04 March, 2010
Riding the Multiculture
As the train approached Cutty Sark, an announcement could be heard above the rushing din of the tunnel. At first I thought it was in Tamil or some similar South Indian language. By paying close attention, however, I was able to identify the occasional phrase in what appeared to be a poor approximation to English. These constituted between 10 and 20 percent of the announcement. In the event I was able to work out what the guy was on about, but only because of external knowledge — because in effect I didn't actually need to hear the announcement.

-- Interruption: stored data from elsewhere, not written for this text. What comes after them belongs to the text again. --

definition qzero :: quat where "qzero = Quat 0 0 0 0"
definition qone :: quat where "qone = Quat 1 0 0 0"
definition q_i :: quat where "q_i = Quat 0 1 0 0"
definition qadd :: "quat \<Rightarrow> quat \<Rightarrow> quat" where
  "qadd p q = Quat (qre p + qre q) (qi p + qi q) (qj p + qj q) (qk p + qk q)"
definition qscale :: "real \<Rightarrow> quat \<Rightarrow> quat" where
  "qscale c q = Quat (c * qre q) (c * qi q) (c * qj q) (c * qk q)"
definition qmul :: "quat \<Rightarrow> quat \<Rightarrow> quat" where
  "qmul p q = Quat
     (qre p * qre q - qi p * qi q - qj p * qj q - qk p * qk q)
     (qre p * qi q + qi p * qre q + qj p * qk q - qk p * qj q)
     (qre p * qj q - qi p * qk q + qj p * qre q + qk p * qi q)
     (qre p * qk q + qi p * qj q - qj p * qi q + qk p * qre q)"
definition qconj :: "quat \<Rightarrow> quat" where
  "qconj q = Quat (qre q) (- qi q) (- qj q) (- qk q)"

definition cadj :: "complex^'n^'n \<Rightarrow> complex^'n^'n" where
  "cadj M = (\<chi> i j. cnj (M $ j $ i))"

definition left_module :: "('a::ring_1 \<Rightarrow> 'v::ab_group_add \<Rightarrow> 'v) \<Rightarrow> bool" where
  "left_module sm \<longleftrightarrow>
     (\<forall>a x y. sm a (x + y) = sm a x + sm a y) \<and>
     (\<forall>a b x. sm (a + b) x = sm a x + sm b x) \<and>
     (\<forall>a b x. sm (a * b) x = sm a (sm b x)) \<and>
     (\<forall>x. sm 1 x = x)"

definition is_basis :: "('a::ring_1 \<Rightarrow> 'v::ab_group_add \<Rightarrow> 'v) \<Rightarrow> nat \<Rightarrow> (nat \<Rightarrow> 'v) \<Rightarrow> bool" where
  "is_basis sm m w \<longleftrightarrow>
     (\<forall>c. (\<Sum>j<m. sm (c j) (w j)) = 0 \<longrightarrow> (\<forall>j<m. c j = 0)) \<and>
     (\<forall>x. \<exists>c. x = (\<Sum>j<m. sm (c j) (w j)))"

definition weakly_unitary :: "('v \<Rightarrow> 'v \<Rightarrow> 'a::zero) \<Rightarrow> nat \<Rightarrow> (nat \<Rightarrow> 'v) \<Rightarrow> bool" where
  "weakly_unitary \<psi> m w \<longleftrightarrow> (\<forall>i<m. \<forall>j<m. i \<noteq> j \<longrightarrow> \<psi> (w i) (w j) = 0)"

definition involution :: "('d::ring_1 \<Rightarrow> 'd) \<Rightarrow> bool" where
  "involution dag \<longleftrightarrow> (\<forall>x y. dag (x + y) = dag x + dag y) \<and>
     (\<forall>x y. dag (x * y) = dag y * dag x) \<and> (\<forall>x. dag (dag x) = x)"

definition skew_hermitian :: "('d::ring_1 \<Rightarrow> 'd) \<Rightarrow> ('d \<Rightarrow> 'v::ab_group_add \<Rightarrow> 'v) \<Rightarrow> ('v \<Rightarrow> 'v \<Rightarrow> 'd) \<Rightarrow> bool" where
  "skew_hermitian dag sm \<psi> \<longleftrightarrow>
     (\<forall>x x' y. \<psi> (x + x') y = \<psi> x y + \<psi> x' y) \<and>
     (\<forall>x y y'. \<psi> x (y + y') = \<psi> x y + \<psi> x y') \<and>
     (\<forall>a b x y. \<psi> (sm a x) (sm b y) = a * \<psi> x y * dag b) \<and>
     (\<forall>x y. \<psi> y x = - dag (\<psi> x y))"

definition nondegenerate :: "('v::zero \<Rightarrow> 'v \<Rightarrow> 'd::zero) \<Rightarrow> bool" where
  "nondegenerate \<psi> \<longleftrightarrow> (\<forall>x. x \<noteq> 0 \<longrightarrow> (\<exists>y. \<psi> x y \<noteq> 0))"

text \<open>canonical embedding of \<open>\<rat>\<close> into a division ring of characteristic 0
  (the library's \<open>of_rat\<close> needs commutativity)\<close>
definition rat_emb :: "rat \<Rightarrow> 'd::division_ring" where
  "rat_emb q = of_int (fst (quotient_of q)) / of_int (snd (quotient_of q))"

definition rat_basis :: "'d::division_ring set \<Rightarrow> bool" where
  "rat_basis B \<longleftrightarrow> finite B \<and>
     (\<forall>c. (\<Sum>b\<in>B. rat_emb (c b) * b) = 0 \<longrightarrow> (\<forall>b\<in>B. c b = 0)) \<and>
     (\<forall>x. \<exists>c. x = (\<Sum>b\<in>B. rat_emb (c b) * b))"

text \<open>\<open>\<iota> : D \<rightarrow> R\<close> realises \<open>R\<close> as \<open>D \<otimes>\<^sub>\<rat> \<real>\<close>: a ring homomorphism mapping some
  \<open>\<rat>\<close>-basis of \<open>D\<close> injectively onto an \<open>\<real>\<close>-basis of \<open>R\<close>.\<close>
definition real_scalar_extension :: "('d::division_ring \<Rightarrow> 'r::real_algebra_1) \<Rightarrow> bool" where
  "real_scalar_extension \<iota> \<longleftrightarrow>
     (\<forall>x y. \<iota> (x + y) = \<iota> x + \<iota> y) \<and> (\<forall>x y. \<iota> (x * y) = \<iota> x * \<iota> y) \<and> \<iota> 1 = 1 \<and>
     (\<exists>B. rat_basis B \<and> inj_on \<iota> B \<and> independent (\<iota> ` B) \<and> span (\<iota> ` B) = UNIV)"

definition real_ext_inv :: "('d \<Rightarrow> 'd) \<Rightarrow> ('d \<Rightarrow> 'r::real_algebra_1) \<Rightarrow> ('r \<Rightarrow> 'r) \<Rightarrow> bool" where
  "real_ext_inv dag \<iota> dagR \<longleftrightarrow> linear dagR \<and> (\<forall>x. dagR (\<iota> x) = \<iota> (dag x))"

text \<open>\<open>V\<^sub>\<real> = V \<otimes>\<^sub>\<rat> \<real> = D\<^sub>\<real> \<otimes>\<^sub>D V\<close>: \<open>j : V \<rightarrow> W\<close> is \<open>\<iota>\<close>-semilinear and maps the
  \<open>D\<close>-basis \<open>v\<close> of \<open>V\<close> to a \<open>D\<^sub>\<real>\<close>-basis of \<open>W\<close>.\<close>
definition real_module_extension ::
  "('d::ring_1 \<Rightarrow> 'r::real_algebra_1) \<Rightarrow> ('d \<Rightarrow> 'v::ab_group_add \<Rightarrow> 'v) \<Rightarrow>
   ('r \<Rightarrow> 'w::ab_group_add \<Rightarrow> 'w) \<Rightarrow> ('v \<Rightarrow> 'w) \<Rightarrow> nat \<Rightarrow> (nat \<Rightarrow> 'v) \<Rightarrow> bool" where
  "real_module_extension \<iota> sm smR j m v \<longleftrightarrow> left_module smR \<and>
     (\<forall>x y. j (x + y) = j x + j y) \<and> (\<forall>a x. j (sm a x) = smR (\<iota> a) (j x)) \<and>
     is_basis smR m (\<lambda>i. j (v i))"

definition real_form_extension ::
  "('d \<Rightarrow> 'r::real_algebra_1) \<Rightarrow> ('r \<Rightarrow> 'w::ab_group_add \<Rightarrow> 'w) \<Rightarrow> ('v \<Rightarrow> 'w) \<Rightarrow>
   ('v \<Rightarrow> 'v \<Rightarrow> 'd) \<Rightarrow> ('w \<Rightarrow> 'w \<Rightarrow> 'r) \<Rightarrow> bool" where
  "real_form_extension \<iota> smR j \<psi> \<psi>R \<longleftrightarrow>
     (\<forall>x x' y. \<psi>R (x + x') y = \<psi>R x y + \<psi>R x' y) \<and>
     (\<forall>x y y'. \<psi>R x (y + y') = \<psi>R x y + \<psi>R x y') \<and>
     (\<forall>c x y. \<psi>R (smR (of_real c) x) y = of_real c * \<psi>R x y) \<and>
     (\<forall>c x y. \<psi>R x (smR (of_real c) y) = \<psi>R x y * of_real c) \<and>
     (\<forall>x y. \<psi>R (j x) (j y) = \<iota> (\<psi> x y))"

definition iso_III :: "('r::real_algebra_1 \<Rightarrow> 'r) \<Rightarrow> ('r \<Rightarrow> ('e::finite \<Rightarrow> quat)) \<Rightarrow> bool" where
  "iso_III dagR \<alpha> \<longleftrightarrow> bij \<alpha> \<and>
     (\<forall>x y. \<alpha> (x + y) = (\<lambda>l. qadd (\<alpha> x l) (\<alpha> y l))) \<and>
     (\<forall>c x. \<alpha> (scaleR c x) = (\<lambda>l. qscale c (\<alpha> x l))) \<and>
     (\<forall>x y. \<alpha> (x * y) = (\<lambda>l. qmul (\<alpha> x l) (\<alpha> y l))) \<and>
     \<alpha> 1 = (\<lambda>l. qone) \<and>
     (\<forall>x. \<alpha> (dagR x) = (\<lambda>l. qconj (\<alpha> x l)))"

text \<open>Reduced trace \<open>Trd\<^sub>D\<^sub>\<^sub>\<real>\<^sub>/\<^sub>\<real>\<close>, computed through \<open>\<alpha>\<close> (\<open>Trd\<^sub>\<bbbH>\<^sub>/\<^sub>\<real>(q) = 2 Re q\<close>)\<close>
definition Trd_III :: "('r \<Rightarrow> ('e::finite \<Rightarrow> quat)) \<Rightarrow> 'r \<Rightarrow> real" where
  "Trd_III \<alpha> x = (\<Sum>l\<in>UNIV. 2 * qre (\<alpha> x l))"

definition norm_III :: "('r::real_algebra_1 \<Rightarrow> 'r) \<Rightarrow> ('r \<Rightarrow> ('e::finite \<Rightarrow> quat)) \<Rightarrow> 'r \<Rightarrow> real" where
  "norm_III dagR \<alpha> a = sqrt (Trd_III \<alpha> (a * dagR a))"

definition iso_IV :: "('r::real_algebra_1 \<Rightarrow> 'r) \<Rightarrow> ('r \<Rightarrow> ('e::finite \<Rightarrow> complex^'n^'n)) \<Rightarrow> bool" where
  "iso_IV dagR \<alpha> \<longleftrightarrow> bij \<alpha> \<and>
     (\<forall>x y. \<alpha> (x + y) = (\<lambda>l. \<alpha> x l + \<alpha> y l)) \<and>
     (\<forall>c x. \<alpha> (scaleR c x) = (\<lambda>l. scaleR c (\<alpha> x l))) \<and>
     (\<forall>x y. \<alpha> (x * y) = (\<lambda>l. \<alpha> x l ** \<alpha> y l)) \<and>
     \<alpha> 1 = (\<lambda>l. mat 1) \<and>
     (\<forall>x. \<alpha> (dagR x) = (\<lambda>l. cadj (\<alpha> x l)))"

text \<open>Reduced trace \<open>Trd\<^sub>D\<^sub>\<^sub>\<real>\<^sub>/\<^sub>\<real> = Tr\<^sub>F\<^sub>\<^sub>\<real>\<^sub>/\<^sub>\<real> \<circ> Trd\<close>, computed through \<open>\<alpha>\<close>\<close>
definition Trd_IV :: "('r \<Rightarrow> ('e::finite \<Rightarrow> complex^'n^'n)) \<Rightarrow> 'r \<Rightarrow> real" where
  "Trd_IV \<alpha> x = (\<Sum>l\<in>UNIV. 2 * Re (trace (\<alpha> x l)))"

Let me explain. To run 3-car trains the DLR, as you might expect, has had to extend most of its platforms. In some cases, fitting in the extra car-length has proved challenging due to conflicts with nearby existing structures. In the case of Cutty Sark, they gave up. Cutty Sark station is underground and its platforms lead directly into bored tunnel at either end. To enlarge these tunnels would have been very expensive and would, so they claim, have risked undermining adjacent "historic" buildings — I assume they refer to St Alfege's. Instead, the DLR has adopted a confusing workaround known in the trade as SDO. Under this arrangement, the 3-car train stops at the existing 2-car platform with the leading half of the first car and the trailing half of the third car overhanging the ends of the platform. The foremost and hindmost passenger doors remain locked during the stop.
As it happens, I have been following the progress of the 3-car upgrade out of curiosity, so I am up to speed on all this, but many passengers, particularly tourists and others unfamiliar with the DLR, need to have the arrangement pointed out to them. I wonder how many cases of involuntary overriding there will be in the next few weeks as confused, trapped and fuming passengers find themselves having to get off at Greenwich or Island Gardens and make their way back.
I suspect most people will have no difficulty in understanding how all this works once they've been notified of it. At least I assume so; I have a visually-oriented mind so I tend to visualize it as a aerial view of a long train attempting to stand at a short platform. But putting it into non-technical words in a ten-second announcement is another matter. Getting the information across concisely and effectively as the train approaches the station in the noisy environment of a tunnel requires a well-crafted script delivered in clear English.
This manifestly did not happen on this occasion. I have made this point before and will doubtless do so again. The duties of a PSA (DLR-speak for train conductor) include communicating with passengers, both one on one and via announcements. This man's English was so poor that he could not do this, potentially to the significant inconvenience of his passengers. He was not qualified to work as a PSA and should not have been so employed.